Related to a failure to report, the seventh contributing factor for the incident was that the federal government did not even know Cutter was having problems.42 Again, for a government responsible for the safe licensure of vaccines, this was deeply problematic. This concluding factor, along with the issue of safety test design and regulation failure, arguably put the U.S. government in the crosshairs of responsibility for the Cutter Incident. The director of the National Institute of Health, National Microbiological Institute, the Surgeon General, and the Secretary of the Department of Health, Education, and Welfare, as mentioned, either resigned or were fired and this demonstrates known culpability. The warnings Bernice Eddy provided to the Laboratory of Biologics Control—the organization responsible for licensing the vaccine for production after safety tests—were “lost in the noise.” Ultimately as Paul Offit concluded, “the federal government was in the best position to avoid the Cutter tragedy” and it failed.43

Instead of an even greater reckoning for the federal government, the incident’s most significant legacy—for pharmaceutical companies at least—emerged in the form of legal liability without fault.44 As Offit documents with the incisiveness of an articulate lawyer, this legal development centered on the fact that Cutter Laboratories was liable, but that it was not negligent because it followed protocols, faulty as they were, that were instituted according to scientific knowledge at the time. In fact, Cutter followed prescribed guidelines and only released product that passed recommended safety tests. It is clear that the United States government, since it was responsible for vaccine regulation, absolved itself of far greater liability. After all, who else could hold the U.S. government accountable? Numerous government officials were fired, but Cutter, even when scapegoated, miraculously avoided a full-legal broadside.

Along with politicized attempts to lay blame on Vice-President Richard Nixon, because of his past representation of California in the U.S. Congress, Berkeley-based Cutter Industries not only survived but eventually prospered.45 In 1957, Cutter was sued for negligence and breach of implied warranty, but the ruling in Gottsdanker vs. Cutter Laboratories determined that Cutter was not negligent because most companies producing the polio vaccine had problems inactivating the virus in their vaccines.46 Wyeth, for example, also created vaccine that paralyzed and killed several children, but the company’s problems were obscured until later. It was determined, in the end, that Cutter violated the implied warranty that its product would be effective when used as directed. The Gottsdanker case, however, would have important and negative consequences for subsequent vaccine development. The Gottsdanker ruling enabled juries to “find companies financially responsible (liable) for their products without finding them negligent in the production or design of those products (i.e., liability without fault).”47 The idea that proof of negligence is not required to determine liability would constrain vaccine development and the legal subject remains contentious.48

After the Cutter Incident, the U.S. government instituted more rigorous regulations for all vaccines, including procedures for filtration, storage, and safety testing. Yet, the cost-benefit analysis associated with severe liability laws which emerged in the years after the Cutter Incident continue to affect vaccine development. In the United States, prior to investments made through Operation Warp Speed—to the tune of $ 10 billion—vaccines were not invariably perceived as a profitable venture for pharmaceutical companies. According to a 2003 study, “Vaccines are a very small enterprise relative to the pharmaceutical industry overall: vaccine revenues constitute only 1.5 percent of global pharmaceutical sales,” and, in the three decades after the Cutter Incident, “the number of firms supplying routine vaccine to the United States dwindled to five companies.”49

Vaccine production is capital intensive, requires skilled labor, and requires expensive equipment. Further, according to a 2017 article in the journal Vaccine, “while vaccine manufacturing may prima facie seem an economic growth opportunity, the complexity and high fixed costs of vaccine manufacturing limit potential profit.”50 The current preoccupation with Operation Warp Speed, and the urgency of COVID-19, should not blind individuals of this bigger picture that vaccine development and production is immensely complex.

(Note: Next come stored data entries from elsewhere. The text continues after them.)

(* Let $m\ge 1$, $n=3m+1$, and $t\ge 1$. Let $X_t=G_{n,t}\setminus N[a_t]$. Then $I(X_t)\simeq S^{2tm-1}$.
   Context: For a finite simple graph $G$, $I(G)$ is its independence complex (simplicial complex on $V(G)$ whose simplices are the independent sets); $N[v]$ is the closed neighbourhood of $v$ and $G\setminus S$ the induced subgraph on $V(G)\setminus S$. For integers $n\ge 2$, $t\ge 0$, the graph $G_{n,t}$ has vertex set $\{a_0,\dots,a_t\}\cup\{b_{i,j},c_{i,j}: 1\le i\le t,\ 1\le j\le n-1\}$, and its edges are exactly: $b_{i,j}\sim b_{i,j+1}$ and $c_{i,j}\sim c_{i,j+1}$ for $1\le i\le t$, $1\le j\le n-2$; $b_{i,n-1}\sim b_{i+1,1}$ and $c_{i,n-1}\sim c_{i+1,1}$ for $1\le i\le t-1$; and $a_{i-1}\sim b_{i,1}$, $a_{i-1}\sim c_{i,1}$, $a_i\sim b_{i,n-1}$, $a_i\sim c_{i,n-1}$ for $1\le i\le t$. (It is the line graph of a row of $t$ $(2n)$-gons.) *)

theory Defs
  imports "HOL-Analysis.Analysis"
begin

datatype vtx = A nat | B nat nat | C nat nat

definition Gverts :: "nat \<Rightarrow> nat \<Rightarrow> vtx set" where
  "Gverts n t = {A i | i. i \<le> t}
     \<union> {B i j | i j. 1 \<le> i \<and> i \<le> t \<and> 1 \<le> j \<and> j \<le> n - 1}
     \<union> {C i j | i j. 1 \<le> i \<and> i \<le> t \<and> 1 \<le> j \<and> j \<le> n - 1}"
lemma frob_norm_polar_factor_diff_le:
  fixes G G' :: "real mat"
  assumes G: "G \<in> carrier_mat n k" and G': "G' \<in> carrier_mat n k"
    and G_ge: "loewner_le (c\<^sup>2 \<cdot>\<^sub>m 1\<^sub>m k) (transpose_mat G * G)"
    and G'_ge: "loewner_le (c\<^sup>2 \<cdot>\<^sub>m 1\<^sub>m k) (transpose_mat G' * G')"
    and G_le: "op_norm_le G L" and G'_le: "op_norm_le G' L" and c: "0 < c"
  shows "frob_norm (G * inv_sqrt_mat (transpose_mat G * G) - G' * inv_sqrt_mat (transpose_mat G' * G'))
    \<le> (1 / c + L\<^sup>2 / c ^ 3) * frob_norm (G - G')"
proof -
  define R R' where "R = inv_sqrt_mat (transpose_mat G * G)" and "R' = inv_sqrt_mat (transpose_mat G' * G')"
  have R: "R \<in> carrier_mat k k" and R': "R' \<in> carrier_mat k k"
    using mat_sqrt_pd(4)[OF _ G_ge c] mat_sqrt_pd(4)[OF _ G'_ge c] G G' by (simp_all add: R_def R'_def)
  have D: "G - G' \<in> carrier_mat n k"
    using G' by (simp add: minus_carrier_mat)
  have "G * R - G' * R' = (G - G') * R + G' * (R - R')"
    using G G' R R' by (simp add: minus_mult_distrib_mat[of _ n k] mult_minus_distrib_mat[of _ n k])
      (intro eq_matI, auto)
  then have "frob_norm (G * R - G' * R') \<le> frob_norm ((G - G') * R) + frob_norm (G' * (R - R'))"
    using D G' R R' by (simp only:) (rule frob_norm_triangle[of _ n k], auto simp: minus_carrier_mat)
  also have "frob_norm ((G - G') * R) \<le> 1 / c * frob_norm (G - G')"
    using R D op_norm_le_inv_sqrt_mat[OF _ G_ge c] G by (intro frob_norm_mult_right_le[of _ k k]) (auto simp: R_def)
  also have "frob_norm (G' * (R - R')) \<le> L * frob_norm (R - R')"
    using G' R R' G'_le by (intro frob_norm_mult_left_le[of _ n k]) (auto simp: minus_carrier_mat)
  also have "L * frob_norm (R - R') \<le> L * (L / c ^ 3 * frob_norm (G - G'))"
    using frob_norm_inv_sqrt_gram_diff_le[OF G G' G_ge G'_ge G_le G'_le c] G_le
    by (intro mult_left_mono) (auto simp: R_def R'_def op_norm_le_def)
  finally show ?thesis
    by (simp add: R_def R'_def power2_eq_square algebra_simps)
qed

Once the Cutter Incident was finally resolved, the incidence of polio in the United States decreased significantly. A total of 400 million doses of safe and verifiably inactivated polio vaccine were eventually administered by 1962.51 Yet, other, longer-term harm was inflicted on the vaccine manufacturing sector and pharmaceutical companies were increasingly reluctant to produce products that rarely pulled in large profits. When vaccine regulation moved from the National Institute of Health to the Federal Drug Administration in 1972, an irony followed: vaccine regulations grew to the point that vaccines were quickly held to a higher standard than almost any medical product created for children and vaccines eventually reached “a record of safety matched by no other product.”52 Vaccine safety, thus, has increased dramatically. Yet, as a consequence, liability-related legal issues decreased potential profits and this factor constrained vaccine development which has progressed at a snail’s pace for the last two decades, at least until 2020 when Operation Warp Speed was announced. Before addressing this further, it is worthwhile to consider briefly what happened to Cutter Laboratories.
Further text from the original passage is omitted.